Web accessibility isn't just a legal obligation — for Cardiff businesses, it's a direct lever for better Google rankings, more conversions, and a wider customer base across Wales.

Rod Hill·18 March 2026·9 min read

How Web Accessibility Boosts Your Cardiff Business's SEO and Conversions

Most Cardiff businesses treat web accessibility as a compliance checkbox — something to worry about "later", once the site is live and the real work is done. That's a mistake, and it's costing those businesses real money.

Here's the thing: when you build a website that's genuinely accessible to all users, you're not just serving people with disabilities — you're building a faster, cleaner, better-structured site that Google ranks higher, converts more visitors, and costs less to maintain. Accessibility and commercial performance aren't in tension. They reinforce each other.

This guide covers what you need to know as a Cardiff business owner: the legal basics, the SEO connection, the Welsh context, and the practical steps you can take to improve your site this week.


What Is Web Accessibility (and What Does WCAG Actually Mean)?

WCAG stands for Web Content Accessibility Guidelines, produced by the W3C — the international body that sets web standards. The current standard is WCAG 2.2, with WCAG 3.0 in development.

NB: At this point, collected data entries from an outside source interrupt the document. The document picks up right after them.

lemma circumcenter_exists:
  fixes p q s :: complex
  assumes "\<not> collinear {p, q, s}"
  obtains c where "dist c p = dist c q" "dist c q = dist c s"
proof -
  define b where "b = q - p"
  define d where "d = s - p"
  define D where "D = cnj b * d - b * cnj d"
  define t where "t = Im (cnj b * d)"
  have "t \<noteq> 0"
    using assms by (simp add: collinear_iff_Im_cnj_mult t_def b_def d_def)
  moreover have "D = 2 * \<i> * of_real t"
    unfolding D_def t_def by (simp add: complex_eq_iff)
  ultimately have D0: "D \<noteq> 0" "cnj D \<noteq> 0"
    by simp_all
  \<comment> \<open>the circumcenter of the triangle 0, b, d\<close>
  define w where "w = (b * cnj b * d - d * cnj d * b) / D"
  have "(w - b) * cnj (w - b) = w * cnj w" "(w - d) * cnj (w - d) = w * cnj w"
    using D0 unfolding w_def D_def by (simp_all add: field_simps; algebra)+
  then have "cmod (w - b) = cmod w" "cmod (w - d) = cmod w"
    by (metis complex_norm_square of_real_eq_iff norm_ge_zero power2_eq_iff_nonneg)+
  then show thesis
    by (intro that[of "p + w"]) (simp_all add: dist_norm b_def d_def algebra_simps)
qed

lemma circumcenter_equidistant:
  fixes p q s :: complex
  assumes "\<not> collinear {p, q, s}"
  shows "dist (circumcenter p q s) p = dist (circumcenter p q s) q"
    and "dist (circumcenter p q s) q = dist (circumcenter p q s) s"
  using circumcenter_exists[OF assms] circumcenter_eqI[OF assms] by metis+

lemma
  fixes c p q s :: complex and r :: real
  assumes "dist c p = r" "dist c q = r" "dist c s = r" and "p \<noteq> q" "q \<noteq> s" "p \<noteq> s"
  shows concyclic_not_collinear: "\<not> collinear {p, q, s}"
    and concyclic_circumcenter: "circumcenter p q s = c"
proof -
  show "\<not> collinear {p, q, s}"
    using assms by (intro equidistant_distinct_not_collinear[of c]) simp_all
  then show "circumcenter p q s = c"
    using assms by (intro circumcenter_eqI) simp_all
qed

lemma circumcenter_swap_last:
  "circumcenter p s q = circumcenter p q s"
  unfolding circumcenter_def by metis

lemma orthocenter_eqI:
  fixes h p q s :: complex
  assumes "\<not> collinear {p, q, s}"
    and "inner (h - p) (q - s) = 0" "inner (h - q) (s - p) = 0" "inner (h - s) (p - q) = 0"
  shows "orthocenter p q s = h"
  unfolding orthocenter_def
proof (rule the_equality)
  show "inner (h - p) (q - s) = 0 \<and> inner (h - q) (s - p) = 0 \<and> inner (h - s) (p - q) = 0"
    using assms by simp
next
  fix h' assume "inner (h' - p) (q - s) = 0 \<and> inner (h' - q) (s - p) = 0 \<and> inner (h' - s) (p - q) = 0"
  then have "inner (h' - h) (q - s) = 0" "inner (h' - h) (s - p) = 0"
    using assms(2,3) by (simp_all add: inner_diff_left)
  moreover have "Im (cnj (q - s) * (s - p)) \<noteq> 0"
  proof -
    have "Im (cnj (q - s) * (s - p)) = - Im (cnj (q - s) * (p - s))"
      by (simp add: algebra_simps)
    then show ?thesis
      using assms(1) collinear_iff_Im_cnj_mult[of s q p] by (simp add: insert_commute)
  qed
  ultimately have "h' - h = 0"
    by (rule orthogonal_to_independent_eq_0)
  then show "h' = h"
    by simp
qed
lemma integrable_gauss2_corr_bound:
  fixes f :: "real \<times> real \<Rightarrow> real"
  assumes "f \<in> borel_measurable borel" "\<And>z. \<bar>f z\<bar> = \<bar>fst z\<bar> * \<bar>\<rho> * fst z + \<tau> * snd z\<bar>"
  shows "integrable gauss2 f"
proof (rule integrable_gauss2_quadratic_bound[OF assms(1)])
  fix z :: "real \<times> real"
  have "\<bar>fst z\<bar> * \<bar>\<rho> * fst z + \<tau> * snd z\<bar> \<le> (\<bar>fst z\<bar> + \<bar>snd z\<bar>) * ((\<bar>\<rho>\<bar> + \<bar>\<tau>\<bar>) * (\<bar>fst z\<bar> + \<bar>snd z\<bar>))"
    by (intro mult_mono abs_linear_le) auto
  then show "\<bar>f z\<bar> \<le> (\<bar>\<rho>\<bar> + \<bar>\<tau>\<bar>) * (\<bar>fst z\<bar> + \<bar>snd z\<bar>)\<^sup>2"
    unfolding assms(2) by (simp add: power2_eq_square ac_simps)
qed

lemma K1_eq_abs_corr:
  "K1 sp sm \<rho> = ((sp + sm) / 2)\<^sup>2 * \<rho> + ((sp - sm) / 2)\<^sup>2 * abs_corr \<rho>"
proof -
  define A where "A = (sp + sm) / 2"
  define B where "B = (sp - sm) / 2"
  define \<tau> where "\<tau> = sqrt (1 - \<rho>\<^sup>2)"
  define v where "v z = \<rho> * fst z + \<tau> * snd z" for z :: "real \<times> real"
  have [measurable]: "v \<in> borel_measurable borel" unfolding v_def by measurable
  have int: "integrable gauss2 (\<lambda>z. fst z * v z)" "integrable gauss2 (\<lambda>z. fst z * \<bar>v z\<bar>)"
    "integrable gauss2 (\<lambda>z. \<bar>fst z\<bar> * v z)" "integrable gauss2 (\<lambda>z. \<bar>fst z\<bar> * \<bar>v z\<bar>)"
    by (rule integrable_gauss2_corr_bound[of _ \<rho> \<tau>]; simp add: v_def abs_mult)+
  have odd: "(\<integral>z. fst z * \<bar>v z\<bar> \<partial>gauss2) = 0" "(\<integral>z. \<bar>fst z\<bar> * v z \<partial>gauss2) = 0"
    by (rule integral_gauss2_odd; simp add: v_def abs_minus_commute algebra_simps)+
  have "(\<integral>z. fst z * v z \<partial>gauss2) = \<rho>"
    using integral_gauss2_bilinear(2)[of 1 0 \<rho> \<tau>] by (simp add: v_def)
  moreover have "sigma_s sp sm (fst z) * sigma_s sp sm (v z) =
     A * A * (fst z * v z) + A * B * (fst z * \<bar>v z\<bar>) + A * B * (\<bar>fst z\<bar> * v z) + B * B * (\<bar>fst z\<bar> * \<bar>v z\<bar>)"
    for z
    unfolding sigma_s_eq A_def B_def by (simp add: algebra_simps)
  ultimately have "K1 sp sm \<rho> = A * A * \<rho> + B * B * (\<integral>z. \<bar>fst z\<bar> * \<bar>v z\<bar> \<partial>gauss2)"
    unfolding K1_def v_def[symmetric] \<tau>_def[symmetric] using int odd by simp
  then show ?thesis unfolding abs_corr_def A_def B_def v_def \<tau>_def by (simp add: power2_eq_square)
qed

lemma abs_corr_nonneg: "abs_corr \<rho> \<ge> 0"
  unfolding abs_corr_def by simp

lemma abs_corr_le_1:
  assumes "\<bar>\<rho>\<bar> \<le> 1"
  shows "abs_corr \<rho> \<le> 1"
proof -
  define \<tau> where "\<tau> = sqrt (1 - \<rho>\<^sup>2)"
  have "\<rho>\<^sup>2 \<le> 1" using power_mono[OF assms abs_ge_zero, of 2] by simp
  then have "\<rho> * \<rho> + \<tau> * \<tau> = 1" unfolding \<tau>_def by (simp add: power2_eq_square)
  have "\<bar>u\<bar> * \<bar>v\<bar> \<le> (u * u + v * v) / 2" for u v :: real
    using zero_le_power2[of "\<bar>u\<bar> - \<bar>v\<bar>"] by (simp add: power2_eq_square algebra_simps)
  then have "abs_corr \<rho> \<le> (\<integral>z. ((1 * fst z + 0 * snd z) * (1 * fst z + 0 * snd z)
      + (\<rho> * fst z + \<tau> * snd z) * (\<rho> * fst z + \<tau> * snd z)) / 2 \<partial>gauss2)"
    unfolding abs_corr_def \<tau>_def[symmetric]
    by (intro integral_mono integrable_gauss2_corr_bound[of _ \<rho> \<tau>]
        Bochner_Integration.integrable_divide Bochner_Integration.integrable_add integral_gauss2_bilinear(1))
      (auto simp: abs_mult)
  also have "\<dots> = 1"
    using \<open>\<rho> * \<rho> + \<tau> * \<tau> = 1\<close> integral_gauss2_bilinear[of 1 0 1 0] integral_gauss2_bilinear[of \<rho> \<tau> \<rho> \<tau>]
    by simp
  finally show ?thesis .
qed
text \<open>Since the counts are right-continuous from above in \<open>(t, x)\<close>, a supremum over
  \<open>[0, T] \<times> [0, \<infinity>)\<close> may be taken over rational points (and \<open>t = T\<close>).\<close>
lemma counted_arrivals_rational_dominated:
  assumes nonneg: "\<And>j. v j \<ge> (0::real)" and n: "n \<ge> 1"
    and t0: "t0 \<in> {0..T}" and x0: "x0 \<ge> 0"
  obtains t x where "t \<in> insert T (\<rat> \<inter> {0..T})" "x \<in> \<rat> \<inter> {0..}"
    "card (counted_arrivals n v gs t0 (interval_I \<kappa> x0)) \<le> card (counted_arrivals n v gs t (interval_I \<kappa> x))"
proof -
  define F where "F = counted_arrivals n v gs t0 (interval_I \<kappa> x0)"
  have "\<forall>i\<in>F. \<exists>d>0. \<forall>t x. t0 \<le> t \<longrightarrow> t < t0 + d \<longrightarrow> x0 \<le> x \<longrightarrow> x < x0 + d \<longrightarrow>
           i \<in> counted_arrivals n v gs t (interval_I \<kappa> x)"
    using counted_arrivals_right_stable[OF nonneg n] by (simp add: F_def)
  then obtain d where d: "\<And>i. i \<in> F \<Longrightarrow> d i > 0"
    "\<And>i t x. i \<in> F \<Longrightarrow> t0 \<le> t \<Longrightarrow> t < t0 + d i \<Longrightarrow> x0 \<le> x \<Longrightarrow> x < x0 + d i \<Longrightarrow>
           i \<in> counted_arrivals n v gs t (interval_I \<kappa> x)"
    by metis
  have "finite F" by (simp add: F_def finite_counted_arrivals)
  define \<delta> where "\<delta> = Min (insert 1 (d ` F))"
  have "\<delta> > 0" unfolding \<delta>_def using \<open>finite F\<close> d(1) by (subst Min_gr_iff) auto
  have \<delta>_le: "\<delta> \<le> d i" if "i \<in> F" for i unfolding \<delta>_def using \<open>finite F\<close> that by (intro Min_le) auto
  obtain x where x: "x \<in> \<rat>" "x0 < x" "x < x0 + \<delta>"
    using Rats_dense_in_real[of x0 "x0 + \<delta>"] \<open>\<delta> > 0\<close> by auto
  obtain t where t: "t \<in> insert T (\<rat> \<inter> {0..T})" "t0 \<le> t" "t < t0 + \<delta>"
  proof (cases "t0 = T")
    case True thus ?thesis using that[of T] \<open>\<delta> > 0\<close> by simp
  next
    case False
    hence "t0 < min T (t0 + \<delta>)" using t0 \<open>\<delta> > 0\<close> by auto
    then obtain r where "r \<in> \<rat>" "t0 < r" "r < min T (t0 + \<delta>)"
      using Rats_dense_in_real by blast
    thus ?thesis using that[of r] t0 by simp
  qed
  have "F \<subseteq> counted_arrivals n v gs t (interval_I \<kappa> x)"
  proof
    fix i assume "i \<in> F"
    thus "i \<in> counted_arrivals n v gs t (interval_I \<kappa> x)"
      using d(2)[OF \<open>i \<in> F\<close> t(2) _ _] t(3) x \<delta>_le[OF \<open>i \<in> F\<close>] by force
  qed
  hence "card F \<le> card (counted_arrivals n v gs t (interval_I \<kappa> x))"
    by (intro card_mono finite_counted_arrivals)
  moreover have "x \<in> \<rat> \<inter> {0..}" using x x0 by simp
  ultimately show ?thesis using t(1) that by (simp add: F_def)
qed

lemma card_le_iff_initial_segments:
  assumes "finite (S::nat set)"
  shows "real (card S) \<le> c \<longleftrightarrow> (\<forall>m. real (card ({..<m} \<inter> S)) \<le> c)"
proof
  assume "real (card S) \<le> c"
  moreover have "card ({..<m} \<inter> S) \<le> card S" for m by (intro card_mono assms) auto
  ultimately show "\<forall>m. real (card ({..<m} \<inter> S)) \<le> c" using of_nat_le_iff order_trans by blast
next
  assume "\<forall>m. real (card ({..<m} \<inter> S)) \<le> c"
  moreover obtain k where "S \<subseteq> {..<k}" using assms finite_nat_iff_bounded by blast
  ultimately show "real (card S) \<le> c" by (metis Int_absorb1)
qed

lemma measurable_card_counted_arrivals_le:
  assumes [measurable]: "\<And>i. V i \<in> borel_measurable M" "\<And>i. W i \<in> borel_measurable M"
    and nonneg: "\<And>i \<omega>. \<omega> \<in> space M \<Longrightarrow> V i \<omega> \<ge> 0"
  shows "{\<omega>\<in>space M. real (card (counted_arrivals n (\<lambda>i. V i \<omega>) (\<lambda>i. W i \<omega>) t (interval_I \<kappa> x))) \<le> c}
    \<in> sets M"
proof -
  define Q where "Q i \<omega> \<longleftrightarrow> (\<Sum>j\<le>i. V j \<omega>) \<le> real n * t \<and> (\<exists>m::nat. real n * t < (\<Sum>j<m. V j \<omega>)) \<and>
      max 0 (W i \<omega> - max 0 (t - (\<Sum>j\<le>i. V j \<omega>) / real n)) > 0 \<and>
      max 0 (x - \<kappa>) < max 0 (W i \<omega> - max 0 (t - (\<Sum>j\<le>i. V j \<omega>) / real n)) \<and>
      max 0 (W i \<omega> - max 0 (t - (\<Sum>j\<le>i. V j \<omega>) / real n)) < x + \<kappa>" for i \<omega>
  have [measurable]: "Measurable.pred M (Q i)" for i
    unfolding Q_def by measurable
  have Q: "counted_arrivals n (\<lambda>i. V i \<omega>) (\<lambda>i. W i \<omega>) t (interval_I \<kappa> x) = {i. Q i \<omega>}"
    if "\<omega> \<in> space M" for \<omega>
    unfolding counted_arrivals_def Q_def renewal_count_gt_iff[OF nonneg[OF that]] residual_def
      interval_I_def by auto
  have "real (card ({..<m} \<inter> {i. Q i \<omega>})) = (\<Sum>i<m. of_bool (Q i \<omega>))" for m \<omega>
    by simp
  hence "{\<omega>\<in>space M. real (card (counted_arrivals n (\<lambda>i. V i \<omega>) (\<lambda>i. W i \<omega>) t (interval_I \<kappa> x))) \<le> c}
      = {\<omega>\<in>space M. \<forall>m. (\<Sum>i<m. of_bool (Q i \<omega>)) \<le> c}"
    using card_le_iff_initial_segments[OF finite_counted_arrivals] Q by (intro Collect_cong) auto
  also have "\<dots> \<in> sets M" by measurable
  finally show ?thesis .
qed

WCAG is built around four core principles, often remembered as POUR:

  • Perceivable — Information must be presentable in ways all users can perceive (e.g., alt text on images, captions on video)
  • Operable — Interface components must be operable by keyboard and assistive technologies, not just mouse
  • Understandable — Content and navigation must be understandable
  • Robust — Content must be robust enough to work with current and future assistive technologies

WCAG has three levels: A (minimum), AA (standard compliance), and AAA (enhanced). UK public sector bodies are legally required to meet WCAG 2.1 AA. Private sector businesses aren't subject to the same direct obligation — yet — but the Equality Act 2010 creates a clear duty not to discriminate against disabled users, which courts are increasingly interpreting to include digital access.


The Legal Picture for Cardiff Businesses

Let's be direct: UK accessibility law for private businesses is less prescriptive than, say, the ADA in the United States — but that doesn't mean you're off the hook.

The Equality Act 2010 requires businesses to make "reasonable adjustments" for disabled people. The Information Commissioner's Office and the Equality and Human Rights Commission have both indicated that inaccessible websites can constitute indirect discrimination. Employment tribunals and civil courts have upheld accessibility complaints against private organisations.

For Cardiff businesses serving the public — retail, hospitality, professional services, healthcare, financial services — the risk is real. A formal complaint about an inaccessible website is embarrassing, potentially expensive, and entirely avoidable.

More importantly: the Welsh public sector accessibility regulations (transposing the EU Directive) set a benchmark that has influenced expectations across the board. If you're selling to public sector clients in Wales — councils, NHS Wales, Welsh Government agencies — an inaccessible website is increasingly a procurement disqualifier.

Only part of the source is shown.